Von den etwa 750 deutschen Gasversorgern erhöhen 329 die Gaspreise um durchschnittlich 15 Prozent - etwa 1,25 Cent pro Kilowattstunde. Auf einen durchschnittlichen Musterhaushalt mit einem Verbrauch von 20 000 Kilowattstunden (kWh) kommt damit eine jährliche Mehrbelastung von 213 Euro zu.

Die größte Preiserhöhung haben die Stadtwerke Herne (Nordrhein-Westfalen) mit ganzen 31 Prozent angekündigt. Hier kommen auf den Musterhaushalt 392 Euro Mehrausgaben zu.

Peter Reese, Leiter Energiewirtschaft bei Verivox.de schätzt, dass bereits im November und Dezember weitere Gasversorger die Preise anheben werden.

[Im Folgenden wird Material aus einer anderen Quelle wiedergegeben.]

lemma exists_maximal_transfer:
  fixes a b d w :: real
  assumes "0 < a" "0 < d" "0 < b" "0 < w" "w < 1"
  obtains e where "0 < e" "e \<le> d" "e * w \<le> a" "e * (1 - w) \<le> b"
    "e = d \<or> e * w = a \<or> e * (1 - w) = b"
proof -
  define e where "e = min d (min (a / w) (b / (1 - w)))"
  have "0 < e" using assms by (simp add: e_def)
  moreover have "e \<le> d" "e * w \<le> a" "e * (1 - w) \<le> b"
    using assms by (simp_all add: e_def pos_le_divide_eq[symmetric])
  moreover have "e = d \<or> e * w = a \<or> e * (1 - w) = b"
    using assms by (auto simp: e_def min_def)
  ultimately show thesis by (rule that)
qed

locale strict_grid =
  fixes J :: nat and x :: "nat \<Rightarrow> real"
  assumes x_less: "i < j \<Longrightarrow> j \<le> J \<Longrightarrow> x i < x j"
begin

lemma x_le: "i \<le> j \<Longrightarrow> j \<le> J \<Longrightarrow> x i \<le> x j"
  using x_less by (metis le_less)

lemma x_eq_iff: "i \<le> J \<Longrightarrow> j \<le> J \<Longrightarrow> x i = x j \<longleftrightarrow> i = j"
  using x_less by (metis less_irrefl nat_neq_iff)

definition call :: "(nat \<Rightarrow> real) \<Rightarrow> real \<Rightarrow> real" where
  "call p y = (\<Sum>m\<le>J. p m * max (x m - y) 0)"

Da passt die Nachricht, dass bereits 29 andere Gasanbieter Preiserhöhungen um durchschnittlich 13 Prozent zum 1.November angekündigt haben. Auch bei diesen Preiserhöhungen gibt es starke Schwankungen, fünf der Anbieter werden die Preise um über 20 Prozent anheben - die Stadtwerke Zirndorf beispielsweise um 24 Prozent.

Seit dem 1.Januar 2005 sind die durchschnittlichen Kosten für Gaskunden in Deutschland um über 40 Prozent gestiegen.

Die Eerngieexperten von Verivox raten zum Vergleich der Gaspreise. Fast überall in Deutschland kann mindestens zwischen zwei Gasversorgern gewählt werden. Der Gasanbieterwechsel ist einfach und risikolos – zu einer Unterbrechung der Versorgung kann es nicht kommen.
Das Sparpotenzial bei einem Anbieterwechsel ist groß, auch wenn die Konkurrenz unter den Gasanbietern noch nicht so ausgeprägt ist wie die unter den Stromversorgern. Die Bundesnetzagentur geht beim Wechsel des Gasanbieters von einer durchschnittlichen Ersparnis von 100 Euro aus.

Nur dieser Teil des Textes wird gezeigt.